Un restaurateur liégeois se suicide à cause du coronavirus

Ph. Facebook

Gérard Miller, un restaurateur liégeois qui a tenu de nombreux établissements de la ville, s’est donné la mort, a appris SudPresse ce mercredi matin. Son frère explique que les difficultés liées au coronavirus ainsi que des problèmes personnels ont poussé ce dernier à commettre l’irréparable. 

C’est avec beaucoup de tristesse que l’on a appris ce mercredi matin le décès inopiné de Gérard Miller, qui s’est donné la mort. Son frère Philippe explique à nos collègues de SudPresse ce qui l’a poussé à bout: « Il avait bien sûr des ennuis personnels, comme tout le monde. Mais le fait de ne pas pouvoir exercer pleinement son métier, qui était aussi sa passion, rentre aussi pour une grande part dans sa décision. »

Son frère, également restaurateur au « Labo 4 », à Liège, a annoncé qu’il avait « tiré sa dernière révérence ». L’homme de 52 ans était cliniquement mort depuis deux plusieurs jours et ses proches ont décidé de le laisser s’en aller. Le restaurateur avait survécu au premier confinement, mais la perspective d’une seconde vague lui a été fatale.

Alors tu es parti rejoindre tous les fous de cuisinier qui était un peu comme toi je ne verrai plus ta tronche toi qui…
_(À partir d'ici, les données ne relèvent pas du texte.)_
lemma frame_forI:
  assumes "countable J" "V = closed_cspan (v ` J)" "0 < A" "A \<le> B"
    and "\<And>f. f \<in> V \<Longrightarrow> (\<lambda>n. (cmod (cinner f (v n)))\<^sup>2) summable_on J"
    and "\<And>f. f \<in> V \<Longrightarrow> A * (norm f)\<^sup>2 \<le> (\<Sum>\<^sub>\<infinity>n\<in>J. (cmod (cinner f (v n)))\<^sup>2)"
    and "\<And>f. f \<in> V \<Longrightarrow> (\<Sum>\<^sub>\<infinity>n\<in>J. (cmod (cinner f (v n)))\<^sup>2) \<le> B * (norm f)\<^sup>2"
  shows "frame_for J v V"
  using assms unfolding frame_for_def by blast

lemma frame_forE:
  assumes "frame_for J v V"
  obtains A B where "countable J" "V = closed_cspan (v ` J)" "0 < A" "A \<le> B"
    and "\<And>f. f \<in> V \<Longrightarrow> (\<lambda>n. (cmod (cinner f (v n)))\<^sup>2) summable_on J"
    and "\<And>f. f \<in> V \<Longrightarrow> A * (norm f)\<^sup>2 \<le> (\<Sum>\<^sub>\<infinity>n\<in>J. (cmod (cinner f (v n)))\<^sup>2)"
    and "\<And>f. f \<in> V \<Longrightarrow> (\<Sum>\<^sub>\<infinity>n\<in>J. (cmod (cinner f (v n)))\<^sup>2) \<le> B * (norm f)\<^sup>2"
proof -
  obtain A B where "countable J" "V = closed_cspan (v ` J)" "0 < A" "A \<le> B"
    and bounds: "\<forall>f\<in>V. (\<lambda>n. (cmod (cinner f (v n)))\<^sup>2) summable_on J \<and>
        A * (norm f)\<^sup>2 \<le> (\<Sum>\<^sub>\<infinity>n\<in>J. (cmod (cinner f (v n)))\<^sup>2) \<and>
        (\<Sum>\<^sub>\<infinity>n\<in>J. (cmod (cinner f (v n)))\<^sup>2) \<le> B * (norm f)\<^sup>2"
    using assms unfolding frame_for_def by blast
  then show thesis
    by (intro that[of A B]) auto
qed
Posted by Marc Carnevale on Tuesday, August 4, 2020

« Love is all »

Marc Carnevale, également restaurateur et grand ami de Gérard, a indiqué sur Facebook: « Tu es parti rejoindre tous les fous de cuisine qui étaient un peu comme toi. Je ne verrai plus ta tronche, toi qui passait souvent me voir. Tu vas me manquer mon ami, tu avais plein de projets, on venait d’en parler. Je pense à ta fille, à la courageuse Mel, à ton frère Philippe et à tous les tiens. L’horeca vient de perdre un de ses dinosaures. Je t’aime mon ami, repose en paix. »

Durant le confinement, Gérard Miller avait continué à partager ses recettes sur Facebook, afin de « garder la main », indiquait-il. Il finissait chacune de ses publications avec un message d’amour, « Love is all ». Il laisse derrière lui trois enfants et une épouse. « Si son suicide peut déclencher une prise de conscience chez nos décideurs de l’énorme difficulté dans laquelle se trouvent les restaurateurs, il ne sera alors pas mort pour rien », conclut son frère.